§ Task to complete: Set down exactly the lines below between the line holding "by (intro pinv_eqI" and the line holding "A = transpose", inclusive; no other line belongs in the answer.

§ Dataset excerpts:
lemma card_Gidx_eq_links_count: "card (Gidx n) = links_count n"
proof -
  have "card (Gidx n) = (\<Sum>P\<in>LP n. card (young n P))"
    by (simp add: Gidx_Sigma finite_LP finite_young)
  also have "\<dots> = (\<Sum>P\<in>LP n. card (young_of_links n (links P)))"
    by (simp add: young_eq_young_of_links)
  also have "\<dots> = links_count n"
    unfolding links_count_def by (rule sum.reindex_bij_betw[OF bij_betw_links_LP])
  finally show ?thesis .
qed

theorem card_Gidx_compositions: "card (Gidx n) = (\<Sum>xs\<in>compositions n. prod_list (map fact xs))"
  using card_Gidx_eq_links_count links_count_eq_composition_count by (simp add: composition_count_def)

theorem theorem5p4:
  fixes n :: nat
  assumes "n \<ge> 1"
  shows "finite (Gidx n)
    \<and> (\<forall>a\<in>FA n. \<exists>c. (\<forall>x. x \<notin> Gidx n \<longrightarrow> c x = 0) \<and>
          a - (\<Sum>x\<in>Gidx n. fa_scal (c x) (basis_elt n x)) \<in> bH_ideal n)
    \<and> (\<forall>c. (\<Sum>x\<in>Gidx n. fa_scal (c x) (basis_elt n x)) \<in> bH_ideal n
          \<longrightarrow> (\<forall>x\<in>Gidx n. c x = 0))
    \<and> card (Gidx n) = (\<Sum>xs\<in>compositions n. prod_list (map fact xs))"
proof (intro conjI)
  show "finite (Gidx n)" by (rule finite_Gidx)
  show "\<forall>a\<in>FA n. \<exists>c. (\<forall>x. x \<notin> Gidx n \<longrightarrow> c x = 0) \<and>
          a - (\<Sum>x\<in>Gidx n. fa_scal (c x) (basis_elt n x)) \<in> bH_ideal n"
    using FA_in_span unfolding in_span_def bH_equiv_def by blast
  show "\<forall>c. (\<Sum>x\<in>Gidx n. fa_scal (c x) (basis_elt n x)) \<in> bH_ideal n
          \<longrightarrow> (\<forall>x\<in>Gidx n. c x = 0)"
    using basis_independent by blast
  show "card (Gidx n) = (\<Sum>xs\<in>compositions n. prod_list (map fact xs))" by (rule card_Gidx_compositions)
qed
lemma penrose_transpose_mult_self:
  fixes A :: "real^'n^'m"
  assumes "penrose A X"
  shows "penrose (transpose A ** A) (X ** transpose X)"
proof -
  have AXA: "A ** X ** A = A" and XAX: "X ** A ** X = X"
    and AX: "transpose X ** transpose A = A ** X" and XA: "transpose A ** transpose X = X ** A"
    using assms by (auto simp: penrose_def matrix_transpose_mul)
  have absorb_left: "transpose A ** A ** X = transpose A"
    by (metis AXA AX matrix_mul_assoc matrix_transpose_mul)
  have absorb_right: "X ** transpose X ** transpose A = X"
    by (metis XAX AX matrix_mul_assoc)
  show ?thesis
    unfolding penrose_def
  proof (intro conjI)
    show "transpose A ** A ** (X ** transpose X) ** (transpose A ** A) = transpose A ** A"
      by (metis AXA absorb_right matrix_mul_assoc)
    show "X ** transpose X ** (transpose A ** A) ** (X ** transpose X) = X ** transpose X"
      by (metis XAX absorb_right matrix_mul_assoc)
    show "transpose (transpose A ** A ** (X ** transpose X)) = transpose A ** A ** (X ** transpose X)"
      by (metis XA absorb_left absorb_right matrix_mul_assoc matrix_transpose_mul)
    show "transpose (X ** transpose X ** (transpose A ** A)) = X ** transpose X ** (transpose A ** A)"
      by (metis XA absorb_right matrix_mul_assoc matrix_transpose_mul)
  qed
qed

lemma pinv_transpose_mult_self: "pinv (transpose A ** A) = pinv A ** transpose (pinv A)"
  by (intro pinv_eqI penrose_transpose_mult_self penrose_pinv)

lemma pinv_mult_transpose_self: "pinv (A ** transpose A) = transpose (pinv A) ** pinv A"
  using pinv_transpose_mult_self[of "transpose A"] by (simp add: pinv_transpose)

lemma transpose_mult_pinv_square_mult:
  fixes A :: "real^'n^'m"
  shows "transpose A ** (pinv (A ** transpose A) ** pinv (A ** transpose A)) ** A
       = pinv (transpose A ** A)"
proof -
  define P where "P = pinv A"
  have PAP: "P ** A ** P = P" and PA: "transpose A ** transpose P = P ** A"
    using penrose_pinv[of A] by (auto simp: P_def penrose_def matrix_transpose_mul)
  have absorb: "transpose P ** P ** A = transpose P"
    by (metis PAP PA matrix_mul_assoc matrix_transpose_mul transpose_transpose)
  show ?thesis
    unfolding pinv_mult_transpose_self pinv_transpose_mult_self P_def[symmetric]
    by (metis PAP PA absorb matrix_mul_assoc)
qed

lemma diag_pinv_transpose_mult_self:
  fixes A :: "real^'n^'m"
  shows "pinv (transpose A ** A) $ i $ i = (norm (pinv A $ i))\<^sup>2"
  by (simp add: pinv_transpose_mult_self matrix_mult_transpose_dot_row row_def power2_norm_eq_inner)

lemma diag_eq_inner_ind: "M $ i $ i = ind i \<bullet> (M *v ind i)"
  by (simp add: ind_def matrix_vector_mult_basis inner_axis' column_def)

lemma diag_pinv_transpose_mult_self_eq_quadratic_form:
  fixes A :: "real^'n^'m"
  defines "Q \<equiv> pinv (A ** transpose A) ** pinv (A ** transpose A)"
  shows "pinv (transpose A ** A) $ i $ i = (A *v ind i) \<bullet> (Q *v (A *v ind i))"
proof -
  have "(A *v ind i) \<bullet> (Q *v (A *v ind i)) = ind i \<bullet> ((transpose A ** Q ** A) *v ind i)"
    by (simp add: inner_matrix_vector_transpose matrix_vector_mul_assoc matrix_mul_assoc)
  then show ?thesis
    by (simp add: Q_def transpose_mult_pinv_square_mult diag_eq_inner_ind)
qed
lemma dim_insert_notin_span:
  assumes "finite S" and "x \<notin> span S"
  shows "dim (insert x S) = dim S + 1"
proof -
  obtain B where B: "B \<subseteq> span S" "independent B" "span S \<subseteq> span B" "card B = dim (span S)"
    using basis_exists [of "span S"] by blast
  have "finite B" using independent_span_bound[OF assms(1) B(2) B(1)] by simp
  have "dim (span (insert x S)) = Suc (dim S)"
  proof (rule dim_unique)
    show "insert x B \<subseteq> span (insert x S)"
      by (meson B(1) insertI1 insert_subset order_trans span_base span_mono subset_insertI)
    show "span (insert x S) \<subseteq> span (insert x B)"
      by (metis B(1) B(3) span_breakdown_eq span_subspace subsetI subspace_span)
    show "independent (insert x B)"
      by (metis B(1-3) independent_insert span_subspace subspace_span assms(2))
    show "card (insert x B) = Suc (dim S)"
      using B assms \<open>finite B\<close>
      by (metis card_insert_disjoint dim_span span_base span_subspace subspace_span in_mono)
  qed
  then show ?thesis by simp
qed

lemma image_kernel_decomposition:
  assumes lin: "Vector_Spaces.linear (*s) (*s) P" and D: "subspace D"
    and PD: "\<And>x. x \<in> D \<Longrightarrow> P x \<in> D"
    and idem: "\<And>x. x \<in> D \<Longrightarrow> P (P x) = P x"
  shows "bij_betw (\<lambda>(x, y). x + y) (P ` D \<times> {d \<in> D. P d = 0}) D"
proof -
  interpret P: Vector_Spaces.linear "(*s)" "(*s)" P by (fact lin)
  show ?thesis
  proof (rule bij_betwI')
    fix p q assume p: "p \<in> P ` D \<times> {d \<in> D. P d = 0}" and q: "q \<in> P ` D \<times> {d \<in> D. P d = 0}"
    have "P (fst p + snd p) = fst p" "P (fst q + snd q) = fst q"
      using p q idem by (auto simp: P.add)
    then show "((\<lambda>(x, y). x + y) p = (\<lambda>(x, y). x + y) q) = (p = q)"
      by (cases p, cases q) auto
  next
    fix p assume "p \<in> P ` D \<times> {d \<in> D. P d = 0}"
    then show "(\<lambda>(x, y). x + y) p \<in> D" using PD D by (auto intro: subspace_add)
  next
    fix d assume d: "d \<in> D"
    have "P (d - P d) = 0" using d idem by (simp add: P.diff)
    moreover have "d - P d \<in> D" using d PD D by (simp add: subspace_diff)
    ultimately show "\<exists>p\<in>P ` D \<times> {d \<in> D. P d = 0}. d = (\<lambda>(x, y). x + y) p"
      using d by (intro bexI[of _ "(P d, d - P d)"]) auto
  qed
qed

§ Solution:
  by (intro pinv_eqI penrose_transpose_mult_self penrose_pinv)

lemma pinv_mult_transpose_self: "pinv (A ** transpose A) = transpose (pinv A) ** pinv A"
  using pinv_transpose_mult_self[of "transpose A"] by (simp add: pinv_transpose)

lemma transpose_mult_pinv_square_mult:
  fixes A :: "real^'n^'m"
  shows "transpose A ** (pinv (A ** transpose A) ** pinv (A ** transpose A)) ** A
       = pinv (transpose A ** A)"
proof -
  define P where "P = pinv A"
  have PAP: "P ** A ** P = P" and PA: "transpose A ** transpose P = P ** A"
    using penrose_pinv[of A] by (auto simp: P_def penrose_def matrix_transpose_mul)
  have absorb: "transpose P ** P ** A = transpose P"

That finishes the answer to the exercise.